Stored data
──────────────────────────────

lemma (in finite_measure) integral_scaleR_iexp:
  fixes f g :: "'a \<Rightarrow> real"
  assumes [measurable]: "f \<in> borel_measurable M" "g \<in> borel_measurable M"
    and bound: "\<And>\<omega>. \<omega> \<in> space M \<Longrightarrow> \<bar>g \<omega>\<bar> \<le> K"
  shows "(\<integral>\<omega>. g \<omega> *\<^sub>R iexp (f \<omega>) \<partial>M) =
    complex_of_real (\<integral>\<omega>. g \<omega> * cos (f \<omega>) \<partial>M) + \<i> * complex_of_real (\<integral>\<omega>. g \<omega> * sin (f \<omega>) \<partial>M)"
proof -
  have "integrable M (\<lambda>\<omega>. g \<omega> * cos (f \<omega>))" "integrable M (\<lambda>\<omega>. g \<omega> * sin (f \<omega>))"
    by (intro integrable_bounded[where K=K];
        auto simp: abs_mult intro: order_trans[OF mult_left_le] bound)+
  moreover have "(\<lambda>\<omega>. g \<omega> *\<^sub>R iexp (f \<omega>)) =
      (\<lambda>\<omega>. complex_of_real (g \<omega> * cos (f \<omega>)) + \<i> * complex_of_real (g \<omega> * sin (f \<omega>)))"
    by (auto simp: cis_conv_exp[symmetric] cis.ctr complex_eq_iff)
  ultimately show ?thesis
    by (simp del: of_real_mult)
qed
(* Fix $p\in[1,\infty)$. Let $M=(X,K,\phi)$ and $N=(Y,L,\psi)$ be objects of $\mathsf{SMT}$, and let $M\prod N=(X\times Y,\,K\times L,\,\phi\times\psi)$ be their product in $\mathsf{SMT}$. Then the metric realizations satisfy a homotopy equivalence $$|M|\times|N|\;\simeq\;|M\textstyle\prod N|,$$ where $|M|\times|N|$ carries the product (maximum) metric.
   Context: $\mathsf{SMT}$ is the category whose objects are triples $(X,K,\phi)$ with $X$ a metric space, $K$ an abstract simplicial complex (vertex set $K^0$, family of nonempty finite subsets containing all singletons and closed under nonempty subsets) and $\phi\colon X\to K^0$ a bijection, and whose morphisms $(X,K,\phi)\to(Y,L,\psi)$ are pairs $(f,g)$ with $f$ a 1-Lipschitz map, $g$ a simplicial map and $\psi\circ f=g|_{K^0}\circ\phi$. The product $X\times Y$ of metric spaces carries the metric $d((x,y),(x',y'))=\max\{d(x,x'),d(y,y')\}$. The product $K\times L$ of simplicial complexes has vertex set $K^0\times L^0$, and a finite nonempty subset of $K^0\times L^0$ is a simplex iff its projection to $K^0$ is a simplex of $K$ and its projection to $L^0$ is a simplex of $L$. Metric realization: for an object $(X,K,\phi)$, $|(X,K,\phi)|$ is the set of finitely supported probability measures $\mu=\sum_{i=1}^n\lambda_i\delta_{x_i}$ on $X$ (distinct $x_i$, $\lambda_i>0$, $\sum\lambda_i=1$, $\delta_x$ the Dirac mass at $x$) such that $\phi(\mathrm{supp}\,\mu)=\phi(\{x_1,\dots,x_n\})$ is a simplex of $K$, equipped with the $p$-Wasserstein metric $W_p(\mu,\nu)=\inf_{\pi}\left(\int_{X\times X}d(x,y)^p\,d\pi(x,y)\right)^{1/p}$, the infimum over probability measures $\pi$ on $X\times X$ with marginals $\mu$ and $\nu$. *)

theory Defs
  imports "HOL-Analysis.Analysis"
begin
(* For each quantile level $\alpha$, let $q_t^{\alpha}=b_t^{\alpha}+\theta_t^{\alpha}$ be the Quantile Tracker iterate obtained via $\theta_{t+1}^{\alpha}=\theta_t^{\alpha}-\eta(\mathbb{1}\{y_t\le q_t^{\alpha}\}-\alpha)$ from any initial offset $\theta_1^{\alpha}$ and learning rate $\eta>0$, and let $[\hat q_t^{\alpha_1},\dots,\hat q_t^{\alpha_{|\mathcal{A}|}}]=m([q_t^{\alpha_1},\dots,q_t^{\alpha_{|\mathcal{A}|}}])$, where $m:\mathbb{R}^{|\mathcal{A}|}\to\mathbb{R}^{|\mathcal{A}|}$ produces a vector with nondecreasing entries. For both $m=\textsc{Sort}$ and $m=\Pi_{\mathcal{K}}$, there exist a set of levels $\mathcal{A}$ and a sequence $(y_t,b_t)$ with $|y_t-b_t^{\alpha}|<R$ for all $\alpha,t$ (for some $R>0$) such that for some $\alpha\in\mathcal{A}$, $\lim_{T\to\infty}\frac1T\sum_{t=1}^T\mathbb{1}\{y_t\le\hat q_t^{\alpha}\}\ne\alpha$.
   Context: $\mathcal{A}=\{\alpha_1<\dots<\alpha_{|\mathcal{A}|}\}\subset(0,1)$ is a set of quantile levels; base forecasts $b_t\in\mathcal{K}$ where $\mathcal{K}=\{x\in\mathbb{R}^{|\mathcal{A}|}:x_1\le\dots\le x_{|\mathcal{A}|}\}$. $\textsc{Sort}(v)$ is the vector whose $i$-th entry is the $i$-th smallest entry of $v$; $\Pi_{\mathcal{K}}$ is Euclidean projection onto $\mathcal{K}$ (isotonic regression). *)

theory Defs
  imports "HOL-Analysis.Analysis"
begin

text \<open>Vectors in R^{|A|} are represented as real lists of length |A|; the i-th entry
  corresponds to the i-th smallest level alphas ! i.  Time is 0-indexed internally:
  index t here corresponds to time t+1 of the paper.\<close>

definition mono_cone :: "nat \<Rightarrow> real list set" where
  "mono_cone n = {x. length x = n \<and> sorted x}"

definition sq_dist :: "real list \<Rightarrow> real list \<Rightarrow> real" where
  "sq_dist x z = (\<Sum>i<length x. (x ! i - z ! i)^2)"

definition sort_vec :: "real list \<Rightarrow> real list" where
  "sort_vec v = sort v"

definition iso_proj :: "real list \<Rightarrow> real list" where
  "iso_proj v = (THE z. z \<in> mono_cone (length v) \<and>
                   (\<forall>w \<in> mono_cone (length v). sq_dist v z \<le> sq_dist v w))"

fun qt_offset :: "real list \<Rightarrow> real \<Rightarrow> (real \<Rightarrow> real) \<Rightarrow> (nat \<Rightarrow> real) \<Rightarrow> (nat \<Rightarrow> real list)
                   \<Rightarrow> nat \<Rightarrow> real list" where
  "qt_offset alphas eta th1 y b 0 = map th1 alphas"
| "qt_offset alphas eta th1 y b (Suc t) =
     (let th = qt_offset alphas eta th1 y b t in
      map (\<lambda>i. th ! i - eta * ((if y t \<le> b t ! i + th ! i then 1 else 0) - alphas ! i))
          [0..<length alphas])"

definition qt_iter :: "real list \<Rightarrow> real \<Rightarrow> (real \<Rightarrow> real) \<Rightarrow> (nat \<Rightarrow> real) \<Rightarrow> (nat \<Rightarrow> real list)
                   \<Rightarrow> nat \<Rightarrow> real list" where
  "qt_iter alphas eta th1 y b t =
     map (\<lambda>i. b t ! i + qt_offset alphas eta th1 y b t ! i) [0..<length alphas]"

definition qt_post :: "(real list \<Rightarrow> real list) \<Rightarrow> real list \<Rightarrow> real \<Rightarrow> (real \<Rightarrow> real)
                   \<Rightarrow> (nat \<Rightarrow> real) \<Rightarrow> (nat \<Rightarrow> real list) \<Rightarrow> nat \<Rightarrow> real list" where
  "qt_post m alphas eta th1 y b t = m (qt_iter alphas eta th1 y b t)"

end

theory Submission
  imports Defs
begin

text \<open>Take the levels 1/4 and 3/4 and y_t = 0, and choose the base forecasts adaptively so that
  at every step exactly one raw iterate equals 0 and the other is negative.  Then exactly one
  level is covered, so the sum S of the two offsets never changes, while the offset of level 1/4
  is pushed towards S/2; this keeps the base forecasts bounded.  For both Sort and isotonic projection the lower post-processed entry of a pair is
  at most the mean of the pair, which is negative; hence level 1/4 is never covered and its
  empirical coverage is identically 0.\<close>

lemma sq_dist_pos:
  assumes "length w = length v" and "w \<noteq> v"
  shows "0 < sq_dist v w"
proof -
  obtain i where "i < length v" and "v ! i \<noteq> w ! i"
    using assms nth_equalityI by metis
  then show ?thesis
    unfolding sq_dist_def by (intro sum_pos2[of _ i]) auto
qed

lemma iso_proj_eqI:
  assumes "z \<in> mono_cone (length v)"
    and "\<And>w. w \<in> mono_cone (length v) \<Longrightarrow> w \<noteq> z \<Longrightarrow> sq_dist v z < sq_dist v w"
  shows "iso_proj v = z"
  unfolding iso_proj_def
  by (rule the_equality) (use assms in \<open>fastforce, force\<close>)

lemma iso_proj_sorted:
  assumes "sorted v"
  shows "iso_proj v = v"
proof (rule iso_proj_eqI)
  show "v \<in> mono_cone (length v)"
    using assms by (simp add: mono_cone_def)
  fix w assume "w \<in> mono_cone (length v)" and "w \<noteq> v"
  then show "sq_dist v v < sq_dist v w"
    by (simp add: sq_dist_def mono_cone_def sq_dist_pos[unfolded sq_dist_def])
qed

lemma sq_dist_pair: "sq_dist [p, q] [w1, w2] = (p - w1)^2 + (q - w2)^2"
  by (simp add: sq_dist_def numeral_2_eq_2 lessThan_Suc)

lemma iso_proj_pair_unsorted:
  fixes p q :: real
  assumes "q < p"
  shows "iso_proj [p, q] = [(p + q) / 2, (p + q) / 2]"
proof (rule iso_proj_eqI)
  let ?m = "(p + q) / 2"
  show "[?m, ?m] \<in> mono_cone (length [p, q])"
    by (simp add: mono_cone_def)
  fix w assume w: "w \<in> mono_cone (length [p, q])" and "w \<noteq> [?m, ?m]"
  then obtain w1 w2 where w_eq: "w = [w1, w2]" and "w1 \<le> w2"
    by (auto simp: mono_cone_def numeral_2_eq_2 length_Suc_conv)
  have "(?m - w1)^2 + (?m - w2)^2 > 0"
    using \<open>w \<noteq> [?m, ?m]\<close> w_eq by (auto simp: sum_power2_gt_zero_iff)
  moreover have "(p - q) * (w2 - w1) \<ge> 0"
    using assms \<open>w1 \<le> w2\<close> by simp
  moreover have "(p - w1)^2 + (q - w2)^2 =
      (p - ?m)^2 + (q - ?m)^2 + (?m - w1)^2 + (?m - w2)^2 + (p - q) * (w2 - w1)"
    by (simp add: power2_eq_square field_simps)
  ultimately show "sq_dist [p, q] [?m, ?m] < sq_dist [p, q] w"
    by (simp add: w_eq sq_dist_pair)
qed

lemma pair_post_first_le_mean:
  fixes p q :: real
  assumes "m \<in> {sort_vec, iso_proj}"
  shows "m [p, q] ! 0 \<le> (p + q) / 2"
  using assms
  by (cases "p \<le> q") (auto simp: sort_vec_def iso_proj_sorted iso_proj_pair_unsorted)

text \<open>lower_offset is the offset of level 1/4 when the tracker runs on adversarial_base with
  S the sum of the initial offsets; that of level 3/4 is then S minus it.\<close>

fun lower_offset :: "real \<Rightarrow> real \<Rightarrow> real \<Rightarrow> nat \<Rightarrow> real" where
  "lower_offset eta S x0 0 = x0"
| "lower_offset eta S x0 (Suc t) =
     (let x = lower_offset eta S x0 t in if S - x < x then x - 3 * eta / 4 else x + eta / 4)"

definition adversarial_base :: "real \<Rightarrow> real \<Rightarrow> real \<Rightarrow> nat \<Rightarrow> real list" where
  "adversarial_base eta S x0 t =
     (let x = lower_offset eta S x0 t in if S - x < x then [- x, - x] else [x - S - 1, x - S])"

lemma lower_offset_bounds:
  assumes "eta > 0"
  shows "min x0 (S / 2 - eta) \<le> lower_offset eta S x0 t \<and> lower_offset eta S x0 t \<le> max x0 (S / 2 + eta)"
  using assms by (induction t) (auto simp: Let_def)

lemma qt_offset_adversarial:
  fixes th1 :: "real \<Rightarrow> real"
  defines "S \<equiv> th1 (1/4) + th1 (3/4)"
  shows "qt_offset [1/4, 3/4] eta th1 (\<lambda>_. 0) (adversarial_base eta S (th1 (1/4))) t
    = (let x = lower_offset eta S (th1 (1/4)) t in [x, S - x])"
proof (induction t)
  case (Suc t)
  then show ?case
    by (simp add: Let_def adversarial_base_def upt_conv_Cons numeral_2_eq_2)
qed (simp add: S_def)

lemma qt_iter_adversarial:
  fixes th1 :: "real \<Rightarrow> real"
  defines "S \<equiv> th1 (1/4) + th1 (3/4)"
  shows "qt_iter [1/4, 3/4] eta th1 (\<lambda>_. 0) (adversarial_base eta S (th1 (1/4))) t
    = (let x = lower_offset eta S (th1 (1/4)) t in
       if S - x < x then [0, S - 2 * x] else [2 * x - S - 1, 0])"
  by (simp add: S_def qt_iter_def qt_offset_adversarial adversarial_base_def Let_def
      upt_conv_Cons numeral_2_eq_2)

lemma adversarial_base_mono:
  "adversarial_base eta S x0 t \<in> mono_cone 2"
  by (simp add: adversarial_base_def Let_def mono_cone_def)

lemma adversarial_base_bounded:
  assumes "eta > 0" and "i < 2"
  shows "\<bar>adversarial_base eta S x0 t ! i\<bar> \<le> \<bar>x0\<bar> + 2 * \<bar>S\<bar> + eta + 1"
proof -
  have "\<bar>lower_offset eta S x0 t\<bar> \<le> \<bar>x0\<bar> + \<bar>S\<bar> + eta"
    using lower_offset_bounds[OF \<open>eta > 0\<close>, of x0 S t] \<open>eta > 0\<close>
    by (simp add: min_def max_def split: if_splits; linarith)
  then show ?thesis
    using \<open>i < 2\<close> \<open>eta > 0\<close>
    by (auto simp: adversarial_base_def Let_def less_2_cases_iff)
qed

lemma qt_post_adversarial_neg:
  fixes th1 :: "real \<Rightarrow> real"
  assumes "m \<in> {sort_vec, iso_proj}"
  defines "S \<equiv> th1 (1/4) + th1 (3/4)"
  shows "qt_post m [1/4, 3/4] eta th1 (\<lambda>_. 0) (adversarial_base eta S (th1 (1/4))) t ! 0 < 0"
proof -
  define x where "x = lower_offset eta S (th1 (1/4)) t"
  have "qt_iter [1/4, 3/4] eta th1 (\<lambda>_. 0) (adversarial_base eta S (th1 (1/4))) t
      = (if S - x < x then [0, S - 2 * x] else [2 * x - S - 1, 0])"
    using qt_iter_adversarial unfolding S_def x_def Let_def .
  then obtain p q where "qt_iter [1/4, 3/4] eta th1 (\<lambda>_. 0) (adversarial_base eta S (th1 (1/4))) t
      = [p, q]" and "p + q < 0"
    by (cases "S - x < x") auto
  then show ?thesis
    using pair_post_first_le_mean[OF assms(1), of p q] by (simp add: qt_post_def)
qed

theorem proposition2:
  shows "\<forall>m \<in> {sort_vec, iso_proj}. \<forall>eta::real. eta > 0 \<longrightarrow> (\<forall>th1 :: real \<Rightarrow> real.
     \<exists>(alphas :: real list) (y :: nat \<Rightarrow> real) (b :: nat \<Rightarrow> real list) (R :: real).
       sorted_wrt (<) alphas \<and> (\<forall>a \<in> set alphas. 0 < a \<and> a < 1) \<and>
       (\<forall>t. b t \<in> mono_cone (length alphas)) \<and>
       R > 0 \<and> (\<forall>t. \<forall>i < length alphas. \<bar>y t - b t ! i\<bar> < R) \<and>
       (\<exists>i < length alphas.
          \<not> ((\<lambda>T. (\<Sum>t<T. if y t \<le> qt_post m alphas eta th1 y b t ! i then 1 else 0) / real T)
               \<longlonglongrightarrow> alphas ! i)))"
proof (intro ballI allI impI)
  fix m and eta :: real and th1 :: "real \<Rightarrow> real"
  assume m: "m \<in> {sort_vec, iso_proj}" and "eta > 0"
  define S where "S = th1 (1/4) + th1 (3/4)"
  define b where "b = adversarial_base eta S (th1 (1/4))"
  define R where "R = \<bar>th1 (1/4)\<bar> + 2 * \<bar>S\<bar> + eta + 2"
  have bounded: "\<bar>0 - b t ! i\<bar> < R" if "i < 2" for t i
    using adversarial_base_bounded[OF \<open>eta > 0\<close> that, of S "th1 (1/4)" t]
    unfolding b_def R_def by linarith
  have never_covered: "\<not> 0 \<le> qt_post m [1/4, 3/4] eta th1 (\<lambda>_. 0) b t ! 0" for t
    using qt_post_adversarial_neg[OF m, of eta th1 t] unfolding b_def S_def by linarith
  have coverage_zero: "(\<lambda>T. (\<Sum>t<T. if 0 \<le> qt_post m [1/4, 3/4] eta th1 (\<lambda>_. 0) b t ! 0 then 1 else 0)
      / real T) = (\<lambda>_. 0)"
    using never_covered by simp
  have not_tendsto: "\<not> ((\<lambda>_. 0) \<longlonglongrightarrow> (1/4 :: real))"
    using LIMSEQ_unique[OF tendsto_const] by fastforce
  show "\<exists>alphas y b R.
       sorted_wrt (<) alphas \<and> (\<forall>a \<in> set alphas. 0 < a \<and> a < 1) \<and>
       (\<forall>t. b t \<in> mono_cone (length alphas)) \<and>
       R > 0 \<and> (\<forall>t. \<forall>i < length alphas. \<bar>y t - b t ! i\<bar> < R) \<and>
       (\<exists>i < length alphas.
          \<not> ((\<lambda>T. (\<Sum>t<T. if y t \<le> qt_post m alphas eta th1 y b t ! i then 1 else 0) / real T)
               \<longlonglongrightarrow> alphas ! i))"
    using \<open>eta > 0\<close> bounded coverage_zero not_tendsto
    by (intro exI[of _ "[1/4, 3/4]"] exI[of _ "\<lambda>_. 0"] exI[of _ b] exI[of _ R])
      (auto simp: b_def R_def adversarial_base_mono[unfolded numeral_2_eq_2])
qed

end
lemma eigenvalue_one_of_normalizer:
  assumes "simple_group G" "split_extension_by_order (AutoGroup G) (Inn G) 2"
    and "nontrivial_rep G \<sigma>" "in_GL_normalizer G \<sigma> m" "finite_order_mat m"
  shows "\<exists>k\<in>carrier G. has_eigenvalue_one (\<sigma> k ** m)"
proof -
  have inj: "inj_on \<sigma> (carrier G)"
    using simple_group_real_rep_inj_on[OF assms(1) rep assms(3)] .
  obtain \<alpha> where "\<alpha> \<in> auto G" and \<alpha>: "\<forall>x\<in>carrier G. \<sigma> (\<alpha> x) = m ** \<sigma> x ** matrix_inv m"
    using normalizer_induces_auto[OF is_group rep inj assms(4)] by blast
  obtain h c where h: "h \<in> carrier G"
    and c: "\<And>x. x \<in> carrier G \<Longrightarrow> c x \<in> carrier G \<and> c (c x) = x \<and> \<alpha> x = h \<otimes> c x \<otimes> inv h"
    using split_extension_order_2_auto[OF is_group assms(2) \<open>\<alpha> \<in> auto G\<close>] by blast
  define T where "T = \<sigma> (inv h) ** m"
  have "T ** \<sigma> x = \<sigma> (c x) ** T" if "x \<in> carrier G" for x
    unfolding T_def using assms(4) h that c[OF that] \<alpha>
    by (intro real_rep_twisted_normalizer[OF is_group rep]) (auto simp: in_GL_normalizer_def)
  moreover have "\<bar>det T\<bar> = 1"
    using real_rep_abs_det[OF is_group finite_carrier rep] abs_det_finite_order[OF assms(5)] h
    by (simp add: T_def det_mul abs_mult)
  ultimately obtain k where "k \<in> carrier G" "has_eigenvalue_one (\<sigma> k ** T)"
    using eigenvalue_one_of_twisted_commuting[OF assms(3) inj] c by blast
  then show ?thesis
    using h by (metis T_def inv_closed m_closed rep_mult matrix_mul_assoc)
qed

end

theorem lemma4p4p2:
  fixes G :: "('g, 'b) monoid_scheme"
  assumes "simple_group G"
    and "finite (carrier G)"
    and "\<not> comm_group G"
    and "split_extension_by_order (AutoGroup G) (Inn G) 2"
  shows "eigenvalue_one_property_dim TYPE('n::finite) G"
  unfolding eigenvalue_one_property_dim_def
proof (intro allI impI, elim conjE)
  fix \<sigma> :: "'g \<Rightarrow> real^'n^'n" and m :: "real^'n^'n"
  assume "odd CARD('n)" "irreducible_rep G \<sigma>" "nontrivial_rep G \<sigma>"
    and "in_GL_normalizer G \<sigma> m" "finite_order_mat m"
  moreover have "odd_dim_irrep G \<sigma>"
    using assms(1,2) \<open>odd CARD('n)\<close> \<open>irreducible_rep G \<sigma>\<close>
    by (simp add: odd_dim_irrep_def odd_dim_irrep_axioms_def simple_group_def)
  ultimately show "\<exists>k\<in>carrier G. has_eigenvalue_one (\<sigma> k ** m)"
    using odd_dim_irrep.eigenvalue_one_of_normalizer assms(1,4) by blast
qed

end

──────────────────────────────

● EXERCISE:
Return, from the data, each line that has the word "longlonglongrightarrow" in it.

● RESPONSE BELOW:
               \<longlonglongrightarrow> alphas ! i)))"
  have not_tendsto: "\<not> ((\<lambda>_. 0) \<longlonglongrightarrow> (1/4 :: real))"
               \<longlonglongrightarrow> alphas ! i))"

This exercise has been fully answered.